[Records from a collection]
=== Begin Enclosure ===

lemma (in cone_constrained_problem) refined_multiplier_bound:
  fixes lam c \<sigma> :: real and p0 :: 'b and r zk zh :: 'a
  assumes "0 < lam" "0 < c" "0 < \<sigma>" "zk \<in> H" "zh \<in> H"
  defines "Lpsi \<equiv> lam * Lam Lf Lg (Bg0 H g) (Bg1 H Dg) c p0 + 1"
  assumes step: "Lpsi * (norm (zh - zk))\<^sup>2 \<le> \<sigma>\<^sup>2 * (norm r)\<^sup>2"
  defines "pk \<equiv> proj (dual_cone K) (p0 + c *\<^sub>R g zk)"
    and "ph \<equiv> proj (dual_cone K) (p0 + c *\<^sub>R g zh)"
  shows "norm ((1 / c) *\<^sub>R (p0 - ph)) \<le> Bg1 H Dg * \<sigma> / sqrt Lpsi * norm r + (1 / c) * norm (pk - p0)"
proof -
  have "1 \<le> Lpsi" unfolding Lpsi_def using assms(1,2) by (intro one_le_Lpsi) simp_all
  have "norm (ph - pk) \<le> c * Bg1 H Dg * norm (zh - zk)"
    unfolding ph_def pk_def using multiplier_lipschitz assms(2,4,5) by simp
  also have "\<dots> \<le> c * Bg1 H Dg * (\<sigma> / sqrt Lpsi * norm r)"
    using sqrt_step_bounds(2)[OF \<open>1 \<le> Lpsi\<close> assms(3) norm_ge_zero norm_ge_zero step]
      assms(2) Bg1_nonneg
    by (intro mult_left_mono) simp_all
  finally have "norm (p0 - ph) \<le> norm (pk - p0) + c * Bg1 H Dg * (\<sigma> / sqrt Lpsi * norm r)"
    using norm_triangle_ineq[of "p0 - pk" "pk - ph"] by (simp add: norm_minus_commute)
  then have "(1 / c) * norm (p0 - ph)
      \<le> (1 / c) * (norm (pk - p0) + c * Bg1 H Dg * (\<sigma> / sqrt Lpsi * norm r))"
    by (rule mult_left_mono) (use assms(2) in simp)
  moreover have "norm ((1 / c) *\<^sub>R (p0 - ph)) = (1 / c) * norm (p0 - ph)"
    using assms(2) by simp
  ultimately show ?thesis
    using assms(2) by (simp add: field_simps)
qed

theorem proposition3p3:
  fixes K :: "'b::euclidean_space set"
    and H :: "'a::euclidean_space set"
    and h f :: "'a \<Rightarrow> real" and gf :: "'a \<Rightarrow> 'a"
    and g :: "'a \<Rightarrow> 'b" and Dg :: "'a \<Rightarrow> 'a \<Rightarrow> 'b"
    and Kh mf Lf Lg lam c \<sigma> \<epsilon>k :: real
    and p0 :: 'b and z0 zk vk zh :: 'a
  assumes K_cone: "K \<noteq> {}" "closed K" "convex K" "cone K"
    \<comment> \<open>(B1): h is +infinity outside H = dom h; proper, lsc, convex, Lipschitz on H; H compact\<close>
    and B1: "H \<noteq> {}" "compact H" "convex H" "convex_on H h" "continuous_on H h" "Kh > 0"
      "\<forall>z\<in>H. \<forall>z'\<in>H. \<bar>h z' - h z\<bar> \<le> Kh * norm (z' - z)"
    \<comment> \<open>(B2)\<close>
    and B2: "\<exists>U. open U \<and> H \<subseteq> U \<and> (\<forall>z\<in>U. (f has_derivative (\<lambda>x. gf z \<bullet> x)) (at z))"
      "mf > 0" "Lf > 0"
      "\<forall>z\<in>H. \<forall>z'\<in>H. f z' - f z - gf z \<bullet> (z' - z) \<ge> - (mf / 2) * (norm (z' - z))\<^sup>2"
      "\<forall>z\<in>H. \<forall>z'\<in>H. norm (gf z' - gf z) \<le> Lf * norm (z' - z)"
    \<comment> \<open>(B3)\<close>
    and B3: "\<forall>z z' t. 0 \<le> t \<and> t \<le> 1 \<longrightarrow>
               t *\<^sub>R g z' + (1 - t) *\<^sub>R g z - g (t *\<^sub>R z' + (1 - t) *\<^sub>R z) \<in> K"
      "\<forall>z. (g has_derivative Dg z) (at z)"
      "Lg > 0"
      "\<forall>z z'. onorm (\<lambda>p. nabla_app Dg z' p - nabla_app Dg z p) \<le> Lg * norm (z' - z)"
    and params: "lam > 0" "c > 0" "\<sigma> > 0" "\<epsilon>k \<ge> 0"
  defines "Lpsi \<equiv> lam * Lam Lf Lg (Bg0 H g) (Bg1 H Dg) c p0 + 1"
  assumes incl: "vk \<in> eps_subdiff H
                   (\<lambda>z. lam * AugL K f h g c z p0 + (1/2) * (norm (z - z0))\<^sup>2) \<epsilon>k zk"
    and ineq: "(norm vk)\<^sup>2 + 2 * \<epsilon>k \<le> \<sigma>\<^sup>2 * (norm (vk + z0 - zk))\<^sup>2"
  defines "\<delta> \<equiv> \<epsilon>k / lam"
  defines "r \<equiv> vk + z0 - zk"
  assumes zh_argmin: "zh \<in> H"
      "\<forall>u\<in>H. lam * (grad_tL K gf g Dg c zk p0 \<bullet> (zh - zk) + h zh) - r \<bullet> (zh - zk)
                + Lpsi / 2 * (norm (zh - zk))\<^sup>2
             \<le> lam * (grad_tL K gf g Dg c zk p0 \<bullet> (u - zk) + h u) - r \<bullet> (u - zk)
                + Lpsi / 2 * (norm (u - zk))\<^sup>2"
  defines "w \<equiv> (1 / lam) *\<^sub>R (r + Lpsi *\<^sub>R (zk - zh))"
  defines "pk \<equiv> proj (dual_cone K) (p0 + c *\<^sub>R g zk)"
  defines "ph \<equiv> proj (dual_cone K) (p0 + c *\<^sub>R g zh)"
  defines "qh \<equiv> (1 / c) *\<^sub>R (p0 - ph)"
  defines "wh \<equiv> w + grad_tL K gf g Dg c zh p0 - grad_tL K gf g Dg c zk p0"
  shows
    "(w \<in> (\<lambda>u. gf zk + u + nabla_app Dg zk pk) ` eps_subdiff H h \<delta> zk
     \<and> norm w \<le> (1 / lam) * (1 + \<sigma> * sqrt Lpsi) * norm r
     \<and> \<delta> \<le> (1 / (2 * lam)) * \<sigma>\<^sup>2 * (norm r)\<^sup>2)
     \<and> (wh \<in> (\<lambda>u. gf zh + u + nabla_app Dg zh ph) ` eps_subdiff H h 0 zh
     \<and> (g zh + qh) \<bullet> ph = 0
     \<and> - (g zh + qh) \<in> K
     \<and> ph \<in> dual_cone K
     \<and> norm wh \<le> (1 / lam) * (1 + 2 * \<sigma> * sqrt Lpsi) * norm r
     \<and> norm qh \<le> Bg1 H Dg * \<sigma> / sqrt Lpsi * norm r + (1 / c) * norm (pk - p0))"
proof -
  interpret cone_constrained_problem K H f gf g Dg Lf Lg
    using K_cone B1(1-3) B2(1,3,5) B3(2-4) by unfold_locales auto
  define \<Lambda> where "\<Lambda> = Lam Lf Lg (Bg0 H g) (Bg1 H Dg) c p0"
  define G where "G = grad_tL K gf g Dg c zk p0"
  have zkH: "zk \<in> H" using incl by (simp add: eps_subdiff_def)
  have "0 \<le> \<Lambda>" unfolding \<Lambda>_def using params(2) by (intro Lam_nonneg) simp
  have incl': "vk \<in> eps_subdiff H
      (\<lambda>z. lam * ((\<lambda>z. f z + penalty K g c p0 z) z + h z) + 1 / 2 * (norm (z - z0))\<^sup>2) \<epsilon>k zk"
    using incl by (simp add: AugL_eq_penalty)
  note refined = inexact_prox_refinement[OF B1(3,4) params(1) \<open>0 \<le> \<Lambda>\<close> incl'
      smooth_part_upper_model[OF params(2) zkH zh_argmin(1), of p0, folded \<Lambda>_def] zh_argmin(1)]
  have sub: "w - G \<in> eps_subdiff H h 0 zh" "w - G \<in> eps_subdiff H h \<delta> zk"
    and "Lpsi * (norm (zh - zk))\<^sup>2 \<le> 2 * \<epsilon>k"
    using refined zh_argmin(2) unfolding w_def r_def Lpsi_def \<delta>_def G_def \<Lambda>_def by auto
  moreover have eps_le: "2 * \<epsilon>k \<le> \<sigma>\<^sup>2 * (norm r)\<^sup>2"
    using ineq zero_le_power2[of "norm vk"] unfolding r_def by linarith
  ultimately have step: "Lpsi * (norm (zh - zk))\<^sup>2 \<le> \<sigma>\<^sup>2 * (norm r)\<^sup>2" by linarith
  note residual_bounds =
      refined_residual_bounds[OF params(1-3) zkH zh_argmin(1) step[unfolded Lpsi_def],
        folded Lpsi_def, folded w_def, folded wh_def]
    and multiplier_bound =
      refined_multiplier_bound[OF params(1-3) zkH zh_argmin(1) step[unfolded Lpsi_def],
        folded Lpsi_def pk_def ph_def, folded qh_def]
  have "w \<in> (\<lambda>u. gf zk + u + nabla_app Dg zk pk) ` eps_subdiff H h \<delta> zk"
    by (rule image_eqI[OF _ sub(2)]) (simp add: G_def pk_def grad_tL_def)
  moreover have "wh \<in> (\<lambda>u. gf zh + u + nabla_app Dg zh ph) ` eps_subdiff H h 0 zh"
    by (rule image_eqI[OF _ sub(1)]) (simp add: wh_def G_def ph_def grad_tL_def)
  moreover have "\<delta> \<le> (1 / (2 * lam)) * \<sigma>\<^sup>2 * (norm r)\<^sup>2"
    using eps_le params(1) unfolding \<delta>_def by (simp add: field_simps)
  moreover have "ph \<in> dual_cone K" unfolding ph_def by (rule proj_dual_cone_in)
  ultimately show ?thesis
    using residual_bounds multiplier_bound
      shifted_multiplier_complementarity[OF params(2), of "g zh" p0, folded ph_def qh_def]
    by blast
qed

=== End Enclosure ===

▶ Exercise description
Set down only the lines above that fall between the line holding "ph) \<le> norm" and the line holding "by (rule mult_left_mono)", inclusive, keeping each exact.

▶ Response area
  finally have "norm (p0 - ph) \<le> norm (pk - p0) + c * Bg1 H Dg * (\<sigma> / sqrt Lpsi * norm r)"
    using norm_triangle_ineq[of "p0 - pk" "pk - ph"] by (simp add: norm_minus_commute)
  then have "(1 / c) * norm (p0 - ph)
      \<le> (1 / c) * (norm (pk - p0) + c * Bg1 H Dg * (\<sigma> / sqrt Lpsi * norm r))"
    by (rule mult_left_mono) (use assms(2) in simp)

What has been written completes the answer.